Señor Director:
Lo felicito por la labor que su diario hace en pro de Nicaragua. Al mismo tiempo me planteo ciertas preguntas que tienen que ver directamente con su lema “Al Servicio de la Verdad y la Justicia”. Quisiera saber si el diario que usted dirige paga adecuadamente a sus autores las colaboraciones que publica. Esta pregunta no la hago por interés personal, como podría pensar algún maldiciente, pues no soy escritor, sino por interés de justicia.
Si su respuesta es en todo positiva, felicidades. La omisión a responder o publicar esto sería como una respuesta negativa.
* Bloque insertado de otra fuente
lemma cyclic_perm_cycle_of_list:
  assumes "distinct (1 # w)" "set (1 # w) = {1..n}"
  shows "cyclic_perm n (cycle_of_list (1 # w))" "cycle_form n (cycle_of_list (1 # w)) = 1 # w"
proof -
  let ?c = "1 # w" let ?p = "cycle_of_list ?c"
  have len: "length ?c = n" using distinct_card[OF assms(1)] assms(2) by simp
  have orbit: "(?p ^^ i) 1 = ?c ! (i mod n)" for i
  proof -
    have "(?p ^^ i) 1 = map (?p ^^ i) ?c ! 0" by simp
    also have "\<dots> = ?c ! (i mod n)"
      using cyclic_rotation[OF assms(1), of i] nth_rotate[of 0 ?c i] len by simp
    finally show ?thesis .
  qed
  show "cycle_form n ?p = ?c"
    using orbit len by (intro nth_equalityI) (simp_all add: cycle_form_def)
  have "{1..n} \<subseteq> {(?p ^^ i) 1 | i. True}"
  proof
    fix x assume "x \<in> {1..n}"
    then obtain i where "i < n" "?c ! i = x" using assms(2) len in_set_conv_nth[of x ?c] by auto
    then show "x \<in> {(?p ^^ i) 1 | i. True}" using orbit[of i] by (auto intro!: exI[of _ i])
  qed
  then show "cyclic_perm n ?p"
    using cycle_permutes[of ?c] assms(2) by (simp add: cyclic_perm_def)
qed

lemma cycle_form_Cons_tl:
  assumes "cyclic_perm n p" "1 \<le> n"
  shows "cycle_form n p = 1 # tl (cycle_form n p)"
proof -
  have "cycle_form n p \<noteq> []" using assms(2) by (simp add: cycle_form_def)
  then show ?thesis using cycle_form_cyclic_perm(3)[OF assms] by (metis hd_Cons_tl hd_conv_nth)
qed

lemma card_cyclic_perms:
  assumes n: "1 \<le> n"
  shows "card {p. cyclic_perm n p \<and> P (cycle_form n p)} =
    card {w. distinct (1 # w) \<and> set (1 # w) = {1..n} \<and> P (1 # w)}"
proof (rule bij_betw_same_card[of "\<lambda>p. tl (cycle_form n p)"], rule bij_betw_byWitness)
  let ?A = "{p. cyclic_perm n p \<and> P (cycle_form n p)}"
  let ?B = "{w. distinct (1 # w) \<and> set (1 # w) = {1..n} \<and> P (1 # w)}"
  show "\<forall>p\<in>?A. cycle_of_list (1 # tl (cycle_form n p)) = p"
    using cycle_form_Cons_tl cycle_form_cyclic_perm(4) n by fastforce
  show "\<forall>w\<in>?B. tl (cycle_form n (cycle_of_list (1 # w))) = w"
    using cyclic_perm_cycle_of_list(2) by simp
  show "(\<lambda>p. tl (cycle_form n p)) ` ?A \<subseteq> ?B"
    using cycle_form_Cons_tl cycle_form_cyclic_perm(1,2) n
    by (fastforce simp del: distinct.simps list.set)
  show "(\<lambda>w. cycle_of_list (1 # w)) ` ?B \<subseteq> ?A"
    using cyclic_perm_cycle_of_list by auto
qed

lemma graph_cyclic_perm:
  assumes "cyclic_perm n p" "cycle_form n p = 1 # w"
  shows "(\<lambda>x. (x, p x)) ` {1..n} = path_edges 1 w 1"
proof -
  let ?c = "1 # w"
  have "1 \<le> n" using assms(2) by (cases n) (auto simp: cycle_form_def)
  then have c: "distinct ?c" "set ?c = {1..n}" "cycle_of_list ?c = p"
    using cycle_form_cyclic_perm[OF assms(1)] assms(2) by auto
  have "map p ?c = rotate1 ?c" using cyclic_rotation[OF c(1), of 1] c(3) by simp
  then have "path_edges 1 w 1 = set (zip ?c (map p ?c))" by (simp add: path_edges_def)
  also have "\<dots> = (\<lambda>x. (x, p x)) ` set ?c" by (simp add: zip_map2 zip_same_conv_map image_image)
  also have "\<dots> = (\<lambda>x. (x, p x)) ` {1..n}" by (simp only: c(2))
  finally show ?thesis by (rule sym)
qed

section \<open>Rotations of a cycle form avoiding 1324\<close>

(* Read in c, the occurrence becomes 1324, 3241, 2413 or 4132, depending on which of its
   positions wrap around; the first three contain 213. *)
lemma contains_1324_rotate_imp:
  assumes occ: "contains_pat (rotate r c) [1,3,2,4]" and r: "r < length c"
  shows "contains_pat c [2,1,3] \<or> contains_pat c [4,1,3,2]"
proof -
  define n where "n = length c"
  define g where "g i = (r + i) mod n" for i
  obtain a b e d where o: "a < b" "b < e" "e < d" "d < n"
    and v: "c ! g a < c ! g e" "c ! g e < c ! g b" "c ! g b < c ! g d"
    using occ unfolding contains_pat_1324_iff n_def g_def by (auto simp: nth_rotate)
  have g_less: "g i < n" for i using o(4) by (simp add: g_def)
  have no_wrap: "g i = r + i" if "r + i < n" for i
    using that by (simp add: g_def)
  have wrap: "g i = r + i - n" if "n \<le> r + i" "i < n" for i
    using that r by (simp add: g_def n_def le_mod_geq)
  show ?thesis
  proof (cases "r + d < n \<or> n \<le> r + b")
    case True
    then have "g b < g e \<and> g e < g d"
    proof
      assume "r + d < n"
      then show ?thesis using o no_wrap[of b] no_wrap[of e] no_wrap[of d] by simp
    next
      assume "n \<le> r + b"
      then show ?thesis using o wrap[of b] wrap[of e] wrap[of d] by linarith
    qed
    then have "contains_pat c [2,1,3]"
      unfolding contains_pat_213_iff n_def using v(2,3) g_less[of d] n_def by blast
    then show ?thesis ..
  next
    case False
    show ?thesis
    proof (cases "n \<le> r + e")
      case True
      then have "g e < g a \<and> g a < g b"
        using False o no_wrap[of a] no_wrap[of b] wrap[of e] by linarith
      then have "contains_pat c [2,1,3]"
        unfolding contains_pat_213_iff using v(1,2) g_less[of b] n_def by blast
      then show ?thesis ..
    next
      case False': False
      then have "g d < g a \<and> g a < g b \<and> g b < g e"
        using False o no_wrap[of a] no_wrap[of b] no_wrap[of e] wrap[of d] by linarith
      then have "contains_pat c [4,1,3,2]"
        unfolding contains_pat_4132_iff using v g_less[of e] n_def by (meson less_trans)
      then show ?thesis ..
    qed
  qed
qed

lemma contains_4132_imp_rotate_1324:
  assumes "contains_pat c [4,1,3,2]"
  shows "\<exists>r<length c. contains_pat (rotate r c) [1,3,2,4]"
proof -
  define n where "n = length c"
  obtain i j k l where o: "i < j" "j < k" "k < l" "l < n"
    "c ! j < c ! l" "c ! l < c ! k" "c ! k < c ! i"
    using assms unfolding contains_pat_4132_iff n_def by blast
  have rot: "rotate j c ! p = c ! ((j + p) mod n)" if "p < n" for p
    using that by (simp add: nth_rotate n_def)
  have "rotate j c ! 0 = c ! j" "rotate j c ! (k - j) = c ! k" "rotate j c ! (l - j) = c ! l"
    using o rot[of 0] rot[of "k - j"] rot[of "l - j"] by simp_all
  moreover have "(j + (n + i - j)) mod n = i" using o by simp
  then have "rotate j c ! (n + i - j) = c ! i" using o rot[of "n + i - j"] by simp
  moreover have "0 < k - j" "k - j < l - j" "l - j < n + i - j" "n + i - j < length (rotate j c)"
    using o by (simp_all add: n_def)
  ultimately have "contains_pat (rotate j c) [1,3,2,4]"
    unfolding contains_pat_1324_iff using o(5-7)
    by (intro exI[of _ 0] exI[of _ "k - j"] exI[of _ "l - j"] exI[of _ "n + i - j"]) simp
  moreover have "j < length c" using o by (simp add: n_def)
  ultimately show ?thesis by blast
qed

lemma contains_213_imp_Cons_1324:
  assumes "\<forall>y\<in>set w. x < y" "contains_pat w [2,1,3]"
  shows "contains_pat (x # w) [1,3,2,4]"
proof -
  obtain i j k where "i < j" "j < k" "k < length w" "w ! j < w ! i" "w ! i < w ! k"
    using assms(2) unfolding contains_pat_213_iff by blast
  moreover have "x < w ! j" using assms(1) \<open>j < k\<close> \<open>k < length w\<close> by simp
  ultimately show ?thesis
    unfolding contains_pat_1324_iff
    by (intro exI[of _ 0] exI[of _ "Suc i"] exI[of _ "Suc j"] exI[of _ "Suc k"]) simp
qed

lemma rotations_avoid_1324_iff:
  assumes min: "\<forall>y\<in>set w. x < y"
  shows "(\<forall>r<length (x # w). avoids (rotate r (x # w)) [1,3,2,4]) \<longleftrightarrow>
    avoids w [2,1,3] \<and> avoids w [4,1,3,2]"
proof -
  have Cons_213: "contains_pat (x # w) [2,1,3] \<longleftrightarrow> contains_pat w [2,1,3]"
    using contains_pat_Cons_min[OF min, of 1] by simp
  have Cons_4132: "contains_pat (x # w) [4,1,3,2] \<longleftrightarrow> contains_pat w [4,1,3,2]"
    using contains_pat_Cons_min[OF min, of 1] by simp
  show ?thesis
  proof
    assume rot: "\<forall>r<length (x # w). avoids (rotate r (x # w)) [1,3,2,4]"
    then have "\<not> contains_pat w [2,1,3]"
      using contains_213_imp_Cons_1324[OF min] by (auto simp: avoids_def)
    moreover have "\<not> contains_pat w [4,1,3,2]"
      using rot contains_4132_imp_rotate_1324[of "x # w"] Cons_4132 by (auto simp: avoids_def)
    ultimately show "avoids w [2,1,3] \<and> avoids w [4,1,3,2]" by (simp add: avoids_def)
  next
    assume "avoids w [2,1,3] \<and> avoids w [4,1,3,2]"
    then show "\<forall>r<length (x # w). avoids (rotate r (x # w)) [1,3,2,4]"
      using contains_1324_rotate_imp[of _ "x # w"] Cons_213 Cons_4132 by (auto simp: avoids_def)
  qed
qed

lemma cyclic_perm_conditions_iff:
  assumes cyc: "cyclic_perm n p" and c: "cycle_form n p = 1 # w"
  shows "avoids (one_line n p) (delta k) \<longleftrightarrow> \<not> decreasing_chain k (path_edges 1 w 1)"
    and "(\<forall>j<n. avoids (rotate j (cycle_form n p)) [1,3,2,4]) \<longleftrightarrow>
      avoids w [2,1,3] \<and> avoids w [4,1,3,2]"
proof -
  show "avoids (one_line n p) (delta k) \<longleftrightarrow> \<not> decreasing_chain k (path_edges 1 w 1)"
    unfolding avoids_def contains_delta_one_line_iff graph_cyclic_perm[OF cyc c] ..
  have "1 \<le> n" using c by (cases n) (auto simp: cycle_form_def)
  then have dist: "distinct (1 # w)" and set_c: "set (1 # w) = {1..n}"
    using cycle_form_cyclic_perm(1,2)[OF cyc] c by simp_all
  have "1 \<notin> set w" "set w \<subseteq> {1..n}" using dist set_c by auto
  then have "\<forall>y\<in>set w. 1 < y" by (metis atLeastAtMost_iff le_neq_implies_less subsetD)
  moreover have "length (1 # w) = n" using distinct_card[OF dist] set_c by simp
  ultimately show "(\<forall>j<n. avoids (rotate j (cycle_form n p)) [1,3,2,4]) \<longleftrightarrow>
      avoids w [2,1,3] \<and> avoids w [4,1,3,2]"
    using rotations_avoid_1324_iff[of w 1] c by simp
qed

lemma a_circ_eq_card_avoiders:
  assumes "1 \<le> n"
  shows "a_circ n k =
    card {w \<in> avoiders_213_4132 2 (n - 1). \<not> decreasing_chain k (path_edges 1 w 1)}"
proof -
  let ?Q = "\<lambda>c. \<not> decreasing_chain k (path_edges 1 (tl c) 1) \<and>
    avoids (tl c) [2,1,3] \<and> avoids (tl c) [4,1,3,2]"
  have cond: "avoids (one_line n p) (delta k) \<and>
      (\<forall>j<n. avoids (rotate j (cycle_form n p)) [1,3,2,4]) \<longleftrightarrow> ?Q (cycle_form n p)"
    if "cyclic_perm n p" for p
    using cyclic_perm_conditions_iff(1)[OF that cycle_form_Cons_tl[OF that assms], of k]
      cyclic_perm_conditions_iff(2)[OF that cycle_form_Cons_tl[OF that assms]] by blast
  have "a_circ n k = card {p. cyclic_perm n p \<and> ?Q (cycle_form n p)}"
    unfolding a_circ_def by (intro arg_cong[where f = card] Collect_cong) (use cond in blast)
  also have "\<dots> = card {w. distinct (1 # w) \<and> set (1 # w) = {1..n} \<and> ?Q (1 # w)}"
    by (rule card_cyclic_perms[OF assms])
  also have "{w. distinct (1 # w) \<and> set (1 # w) = {1..n} \<and> ?Q (1 # w)} =
      {w \<in> avoiders_213_4132 2 (n - 1). \<not> decreasing_chain k (path_edges 1 w 1)}"
  proof -
    have ivl: "{2..<2 + (n - 1)} = {1..n} - {1}" and "1 \<in> {1..n}" using assms by auto
    then have "distinct (1 # w) \<and> set (1 # w) = {1..n} \<longleftrightarrow>
        distinct w \<and> set w = {2..<2 + (n - 1)}" for w
      unfolding ivl distinct.simps(2) list.set(2) by blast
    then show ?thesis by (auto simp: avoiders_213_4132_def)
  qed
  finally show ?thesis .
qed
Si la respuesta es explícitamente negativa no habría más que pensar que su diario identifica el lema en cuestión con la caja registradora de la empresa.
Me intereso por este asunto porque a todos niveles en nuestro medio se ha visto a escritores e intelectuales con menosprecio, como a vagos, sin tener en cuenta sus necesidades y esfuerzos, mientras muchos se han enriquecido hipócritamente con los conocimientos de otros.
En todos los países civilizados las colaboraciones a los periódicos, de cualquier tipo, son debidamente remuneradas. Esto es un reconocimiento a la propiedad intelectual y a la legislación positiva, concretamente, nuestra Constitución Política establece que todo trabajo debe ser remunerado, excepción hecha que la ley tácitamente diga lo contrario, como es el caso de los abogados defensores de oficio de ciertos reos. A diario nos abruman “noticias” de periodistas muertos en la lipidia, mientras los dueños de algunas publicaciones se dan la gran vida.
Ruégole publicar la presente inquietud en la sección de su diario que estime conveniente, gratuitamente, y por la edición de Internet, pues quiero saber de la entereza o no de ese diario, y de otros, y dado el caso que a veces he enviado pequeños escritos que han sido publicados y yo ni me he dado cuenta.
Byron Largaespada Valenzuela
Nota del Editor
Independientemente del extraño e inquisitorial tono de la carta del señor Largaespada, con todo gusto le informamos, como él quiere, que LA PRENSA recibe muchas colaboraciones, tanto cartas como artículos de opinión, bastante más de las que físicamente (por razones de espacio) tenemos capacidad de publicar.
Pero no todas las colaboraciones que recibimos son publicadas ni publicables, por las razones que se explican en esta misma Página de Opinión, junto al Indicador del Diario.
Entre las colaboraciones que publicamos hay algunas escritas por columnistas profesionales, o que son expresamente solicitadas, y por lo tanto son pagadas de acuerdo con los estándares internacionales. Otras colaboraciones son espontáneas, no tenemos ningún compromiso de publicarlas, pero lo hacemos porque su contenido y forma ameritan su publicación y para fomentar la libertad de expresión y el debate de las ideas.
También le informamos al señor Largaespada que LA PRENSA no sólo es respetuosa de los derechos de autor, sino promotora de la ley que los protege, y por lo tanto no publicamos absolutamente nada al margen de la legalidad y la ética profesional.